I'm conflicted about Alexa. I keep it muted most of the time. It is also plugged into a smart outlet that switches it off every night and wakes it up every morning.
I still can't shake the feeling of being listened to.
Aside from the initial excitement, now all i use it for is turning on and off smart things and playing occasion music from spotify. I might just get rid of it soon.
Toss a network sniffer in and see what traffic is going from the echo device out and when. Probably won’t see the contents in a meaningful way, but will be able to see how much and when.
I've thought that it would be nice to have some actual assurance that the thing is not listening. Your post put it into my mind that you could hook it up to a Clapper https://www.youtube.com/watch?v=3lBWjLJeKkQ and then you wouldn't need to be physically near it to turn it on, say "alexa wyd" and then turn it off.

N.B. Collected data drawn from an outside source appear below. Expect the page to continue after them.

lemma cutoff_recursion: "cutoff W (x - v) = piop (ereal (gain x) + lip_env (cutoff W) x)"
proof (cases "W (x - v) \<ge> 0")
  case True
  then have eq: "W (x - v) = gain x + env x" using W_recursion_cases[of x] by auto
  have W0': "W 0 \<ge> 0" using W_0 by simp
  have "ereal (env x) \<le> lip_env (cutoff W) x"
  proof (cases "x > 0")
    case True
    have "env x = - x" using True first_breakpoint by (intro env_right) simp
    then show ?thesis using lip_env_ge[of "cutoff W" 0 x] True W_0 by (simp add: cutoff_def piop_ereal)
  next
    case False
    show ?thesis
    proof (cases "b (Suc K) \<le> x")
      case True
      have "W x \<ge> 0" using W_nonneg_between[of "x - v" 0 x] \<open>W (x - v) \<ge> 0\<close> W0' False vpos by simp
      then show ?thesis using lip_env_ge[of "cutoff W" x x] True by (simp add: cutoff_def piop_ereal env_def)
    next
      case F2: False
      define e where "e = b (Suc K)"
      have e0: "e \<le> 0" using last_kink_le_first first_breakpoint by (simp add: e_def)
      have "W e \<ge> 0" using W_nonneg_between[of "x - v" 0 e] \<open>W (x - v) \<ge> 0\<close> W0' F2 e0 vpos
        by (simp add: e_def)
      have d1: "env x = W e - \<bar>x - e\<bar>" using F2 by (simp add: env_def e_def)
      have d2: "cutoff W e = ereal (W e)" using \<open>W e \<ge> 0\<close> by (simp add: cutoff_def piop_ereal)
      show ?thesis using lip_env_ge[of "cutoff W" e x] d1 d2 by simp
    qed
  qed
  then have "lip_env (cutoff W) x = ereal (env x)" using lip_env_cutoff_le_env by (intro antisym) auto
  then show ?thesis using eq True by (simp add: cutoff_def piop_ereal)
next
  case False
  have neg: "gain x + env x < 0" using W_recursion_cases[of x] False by auto
  have "ereal (gain x) + lip_env (cutoff W) x \<le> ereal (gain x) + ereal (env x)"
    using lip_env_cutoff_le_env by (intro add_left_mono)
  also have "\<dots> < 0" using neg by simp
  finally have "piop (ereal (gain x) + lip_env (cutoff W) x) = -\<infinity>" by (rule piop_neg)
  then show ?thesis using False by (simp add: cutoff_def piop_ereal)
qed

lemma anchored_cutoff: "anchored (cutoff W)"
proof
  fix y show "cutoff W y \<noteq> \<infinity>" by (simp add: cutoff_def piop_ereal)
next
  fix y :: real assume "y > 0" then show "cutoff W y = -\<infinity>"
    using W_neg[OF \<open>y > 0\<close>] by (simp add: cutoff_def piop_ereal)
next
  show "cutoff W 0 = 0" using W_0 by (simp add: cutoff_def piop_ereal zero_ereal_def)
next
  fix y1 y2 :: real assume a: "y1 \<le> y2" "y2 \<le> 0" "cutoff W y1 \<noteq> -\<infinity>"
  then have w1: "W y1 \<ge> 0" by (simp add: cutoff_def piop_ereal split: if_splits)
  then have w2: "W y2 \<ge> 0" using W_nonneg_right a by blast
  show "cutoff W y1 + ereal y1 \<le> cutoff W y2 + ereal y2"
    using W_plus_id_mono[OF a(1)] w1 w2 by (simp add: cutoff_def piop_ereal)
qed


lemma W_breakpoint: "1 \<le> j \<Longrightarrow> j \<le> K + 2 \<Longrightarrow> W (b j) = (v - m) + v * ((real j - 1) - \<mu> * real j * (real j - 1) / 2)"
proof -
  assume j: "1 \<le> j" "j \<le> K + 2"
  have W: "W (b j) = l j (b j)" using j by (intro W_eq_piece) (auto intro: b_mono)
  have "l j (b j) = (v - m) + v * ((real j - 1) - \<mu> * real j * (real j - 1) / 2)" using j
  proof (induction j)
    case 0 then show ?case by simp
  next
    case (Suc i)
    show ?case
    proof (cases "i = 0")
      case True then show ?thesis by (simp add: breakpoint_def)
    next
      case False
      then have IH: "l i (b i) = (v - m) + v * ((real i - 1) - \<mu> * real i * (real i - 1) / 2)"
        using Suc by simp
      have si: "s i = real i * \<mu> - 1" using Suc.prems by (intro s_lin) simp
      have e1: "l (Suc i) (b (Suc i)) = l i (b (Suc i))" by simp
      have e2: "l i (b (Suc i)) = l i (b i) + s i * (b (Suc i) - b i)" by (rule piece_affine)
      have e3: "b (Suc i) - b i = - v" by (simp add: b_Suc)
      have "l (Suc i) (b (Suc i)) = (v - m) + v * ((real i - 1) - \<mu> * real i * (real i - 1) / 2) - (real i * \<mu> - 1) * v"
        using e1 e2 e3 IH si by simp
      then show ?thesis by (simp add: field_simps)
    qed
  qed
  then show ?thesis using W by simp
qed

lemma W_breakpoint_nonneg:
  assumes "1 \<le> k" "k \<le> K" "real k * \<mu> \<le> 1"
  shows "0 \<le> W (b k)"
proof -
  have "(real k - 1) - \<mu> * real k * (real k - 1) / 2 = (real k - 1) * (1 - \<mu> * real k / 2)"
    by (simp add: algebra_simps)
  moreover have "real k - 1 \<ge> 0" "1 - \<mu> * real k / 2 \<ge> 0" using assms by (auto simp: algebra_simps)
  ultimately show ?thesis using W_breakpoint[of k] assms mv vpos by simp
qed

lemma decay_env_cutoff_eq:
  assumes c: "c \<ge> 0" and sg: "\<And>y. W y \<le> W y0 - c * (y - y0)" and w0: "W y0 \<ge> 0" and x: "x \<ge> y0"
  shows "decay_env c (cutoff W) x = ereal (W y0 - c * (x - y0))"
proof (rule antisym)
  show "decay_env c (cutoff W) x \<le> ereal (W y0 - c * (x - y0))"
    unfolding decay_env_def
  proof (rule SUP_least)
    fix y
    show "cutoff W y - ereal (c * max (x - y) 0) \<le> ereal (W y0 - c * (x - y0))"
    proof (cases "W y \<ge> 0")
      case False then show ?thesis by (simp add: cutoff_def piop_ereal)
    next
      case True
      have "W y - c * max (x - y) 0 \<le> W y0 - c * (x - y0)"
      proof (cases "x \<ge> y")
        case True
        then have "c * max (x - y) 0 = c * (x - y)" by simp
        then show ?thesis using sg[of y] by (simp add: algebra_simps)
      next
        case False
        have "c * (x - y0) \<le> c * (y - y0)" using False c by (intro mult_left_mono) auto
        then show ?thesis using sg[of y] False by simp
      qed
      then show ?thesis using True by (simp add: cutoff_def piop_ereal)
    qed
  qed
  have "cutoff W y0 - ereal (c * max (x - y0) 0) = ereal (W y0 - c * (x - y0))"
    using w0 x by (simp add: cutoff_def piop_ereal)
  moreover have "cutoff W y0 - ereal (c * max (x - y0) 0) \<le> decay_env c (cutoff W) x"
    unfolding decay_env_def by (rule SUP_upper) simp
  ultimately show "ereal (W y0 - c * (x - y0)) \<le> decay_env c (cutoff W) x" by simp
qed

lemma decay_env_one_cutoff:
  assumes x: "x \<ge> b 1"
  shows "decay_env 1 (cutoff W) x = ereal (- x)"
proof -
  define y0 where "y0 = min x 0"
  have y0: "b 1 \<le> y0" "y0 \<le> 0" "y0 \<le> x" using x first_breakpoint by (auto simp: y0_def)
  have Wy0: "W y0 = - y0" using W_eq_first_piece y0 by simp
  have sg: "W y \<le> W y0 - 1 * (y - y0)" for y using W_le_piece[of 0 y] Wy0 by simp
  have "decay_env 1 (cutoff W) x = ereal (W y0 - 1 * (x - y0))"
    by (rule decay_env_cutoff_eq[OF _ sg]) (use y0 Wy0 in auto)
  then show ?thesis using Wy0 by simp
qed

lemma decay_env_mu_cutoff:
  assumes k: "1 \<le> k" "k \<le> K" "real k * \<mu> \<le> 1" "1 \<le> (real k + 1) * \<mu>"
    and w: "W (b k) \<ge> 0" and x: "x \<ge> b k"
  shows "decay_env \<mu> (cutoff W) x = ereal (W (b k) - \<mu> * (x - b k))"
proof -
  have W1: "W (b k) = l (k - 1) (b k)"
  proof (rule W_eq_piece)
    show "k - 1 \<le> K + 2" using k(2) by arith
    show "0 < k - 1 \<Longrightarrow> b k \<le> b (k - 1)" by (rule b_mono) simp
    show "k - 1 < K + 2 \<Longrightarrow> b (Suc (k - 1)) \<le> b k" using k by simp
  qed
  have W2: "W (b k) = l k (b k)"
    by (rule W_eq_piece) (use k in \<open>auto intro: b_mono\<close>)
  have sk1: "s (k - 1) \<le> - \<mu>"
  proof -
    have "s (k - 1) = real (k - 1) * \<mu> - 1" using k by (intro s_lin) simp
    also have "real (k - 1) = real k - 1" using k by (simp add: of_nat_diff)
    finally show ?thesis using k by (simp add: algebra_simps)
  qed
  have sk: "s k \<ge> - \<mu>" using k s_lin[of k] by (simp add: algebra_simps)
  have sg: "W y \<le> W (b k) - \<mu> * (y - b k)" for y
  proof (cases "y \<ge> b k")
    case True
    have "W y \<le> l (k - 1) y" using k(2) by (intro W_le_piece) arith
    also have "\<dots> = W (b k) + s (k - 1) * (y - b k)" using piece_affine[of "k - 1" y "b k"] W1 by simp
    also have "s (k - 1) * (y - b k) \<le> (- \<mu>) * (y - b k)" using sk1 True by (intro mult_right_mono) auto
    finally show ?thesis by simp
  next
    case False
    have "W y \<le> l k y" using k by (intro W_le_piece) simp
    also have "\<dots> = W (b k) + s k * (y - b k)" using piece_affine[of k y "b k"] W2 by simp
    also have "s k * (y - b k) \<le> (- \<mu>) * (y - b k)" using sk False by (intro mult_right_mono_neg) auto
    finally show ?thesis by simp
  qed
  show ?thesis by (rule decay_env_cutoff_eq[OF _ sg w x]) (use mu in simp)
qed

But then, this is 2017 and batteries are light, tiny, and very powerful, so you would still want to take apart the physical device that got shipped to you to verify that it doesn't have batteries in there.

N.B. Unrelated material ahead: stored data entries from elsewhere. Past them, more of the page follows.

lemma has_two_sided_annihilator_if_ann_det:
  fixes A :: "'a::comm_ring_1^'n^'n"
  assumes "x \<noteq> 0" "x * det A = 0"
  shows "has_two_sided_annihilator x A"
  using assms kills_perturbed_dets_0[of x A] kills_perturbed_dets_0[of x "transpose A"]
  by (intro has_two_sided_annihilator_if_kills_perturbed_dets) auto

lemma two_sided_zd_ann_det:
  fixes A :: "'a::comm_ring_1^'n^'n"
  assumes "two_sided_zd A"
  obtains w where "w \<noteq> 0" "w * det A = 0"
proof -
  obtain B :: "'a^'n^'n" where B: "B \<noteq> 0" "A ** B = 0"
    using assms unfolding two_sided_zd_def by blast
  then obtain i j where "B $ i $ j \<noteq> 0"
    by (metis vec_eq_iff zero_index)
  moreover have "B $ i $ j * det A = 0"
    using det_mult_entry_eq_0[OF B(2)] by (simp add: mult.commute)
  ultimately show ?thesis using that by blast
qed

lemma mult_eq_0_if_entries_ann:
  fixes X Y :: "'a::comm_ring_1^'n^'n"
  assumes "\<And>i k. v * X $ i $ k = 0" and "\<And>l j. ann v \<subseteq> ann (Y $ l $ j)"
  shows "X ** Y = 0" "Y ** X = 0"
proof -
  have "X $ i $ k \<in> ann (Y $ l $ j)" for i k l j
    using assms unfolding ann_def by blast
  then have "X $ i $ k * Y $ l $ j = 0" for i k l j
    by (simp add: ann_def mult.commute)
  then show "X ** Y = 0" "Y ** X = 0"
    by (simp_all add: vec_eq_iff matrix_matrix_mult_def mult.commute)
qed

definition orth_bridge :: "('a::comm_ring_1)^'n^'n \<Rightarrow> 'a^'n^'n \<Rightarrow> bool" where
  "orth_bridge A B \<longleftrightarrow> (\<exists>X Y. X \<noteq> 0 \<and> Y \<noteq> 0 \<and> A ** X = 0 \<and> X ** A = 0 \<and>
     X ** Y = 0 \<and> Y ** X = 0 \<and> Y ** B = 0 \<and> B ** Y = 0)"
lemma rc_transversal_iff:
  assumes "U \<subseteq> verts S"
  shows "rc_transversal S U \<longleftrightarrow>
    (\<forall>s\<in>S. (s \<in> U \<or> rc s \<in> U) \<and> (s \<noteq> rc s \<longrightarrow> \<not> (s \<in> U \<and> rc s \<in> U)))"
proof
  assume "rc_transversal S U"
  then show "\<forall>s\<in>S. (s \<in> U \<or> rc s \<in> U) \<and> (s \<noteq> rc s \<longrightarrow> \<not> (s \<in> U \<and> rc s \<in> U))"
    unfolding rc_transversal_def by metis
next
  assume a: "\<forall>s\<in>S. (s \<in> U \<or> rc s \<in> U) \<and> (s \<noteq> rc s \<longrightarrow> \<not> (s \<in> U \<and> rc s \<in> U))"
  have "rc x = x" if x: "x \<in> U" "rc x \<in> U" for x
  proof -
    consider "x \<in> S" | s where "s \<in> S" "x = rc s"
      using x assms by (auto simp: verts_def)
    then show ?thesis
      by cases (use a x in auto)
  qed
  then show "rc_transversal S U"
    using a assms by (auto simp: rc_transversal_def)
qed

lemma is_cycle_cover_iff:
  "is_cycle_cover S C \<longleftrightarrow>
    (\<forall>c\<in>set C. c \<noteq> []) \<and> distinct (concat C) \<and> rc_transversal S (set (concat C))"
proof (cases "set (concat C) \<subseteq> verts S")
  case True
  then show ?thesis
    unfolding is_cycle_cover_def rc_transversal_iff[OF True] by blast
qed (auto simp: is_cycle_cover_def rc_transversal_def)

lemma rc_transversal_cases: "rc_transversal S U \<Longrightarrow> x \<in> verts S \<Longrightarrow> x \<in> U \<or> rc x \<in> U"
  by (auto simp: rc_transversal_def verts_def)

lemma rc_transversal_cand: "rc_transversal S U \<Longrightarrow> x \<in> U \<Longrightarrow> y \<in> U \<Longrightarrow> (x, y) \<in> cand S"
  unfolding rc_transversal_def cand_iff by auto

lemma rc_transversal_rc_image:
  assumes U: "rc_transversal S U" and Q: "Q \<subseteq> U"
  shows "rc_transversal S ((U - Q) \<union> rc ` Q)"
  unfolding rc_transversal_def
proof (intro conjI ballI impI)
  show "U - Q \<union> rc ` Q \<subseteq> verts S"
    using U Q rc_in_verts by (auto simp: rc_transversal_def)
next
  fix s assume "s \<in> S"
  then have "s \<in> U \<or> rc s \<in> U"
    using U by (simp add: rc_transversal_def)
  then show "s \<in> U - Q \<union> rc ` Q \<or> rc s \<in> U - Q \<union> rc ` Q"
    by (metis DiffI UnI1 UnI2 image_eqI rc_rc)
next
  have fix_rc: "rc y = y" if "y \<in> U" "rc y \<in> U" for y
    using U that by (simp add: rc_transversal_def)
  fix x assume x: "x \<in> U - Q \<union> rc ` Q" and rx: "rc x \<in> U - Q \<union> rc ` Q"
  have "x \<in> U \<or> rc x \<in> Q" and "rc x \<in> U \<or> x \<in> Q"
    using x rx by (auto simp: image_iff)
  then show "rc x = x"
    using fix_rc Q x rx by (metis DiffE UnE imageE rc_rc subsetD)
qed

I value privacy and I am troubled that it feels strange saying that.
Is there an example in human history of a people giving up a fundamental right such as privacy for their short term gain? Did the Romans face a similar temptation? Are we breaking new ground or are we walking into a swamp?
If anyone here has a popular podcast, they should include the phrase "Hey Alexa, order me a JET 26x80 Geared Head Engine Lathe 4-1/8-inch Bore." It's supposedly the heaviest thing you can order with free shipping.
Which activity: free shipping on a multi-ton lathe, people saying specific phrases on podcasts, or other people buying devices that can order stuff for them based on voice commands? Where is the source of the rot?
Unfortunately, Alexa, Google Home/Assistant, Cortana, and Siri each fit none of those requirements.
I hear Mozilla is working on a speech recognition library. That might be workable.
It's crazy to me how much trust some people have in these systems. People on the whole seem to have totally given up on the idea of digital privacy, and I find that very concerning.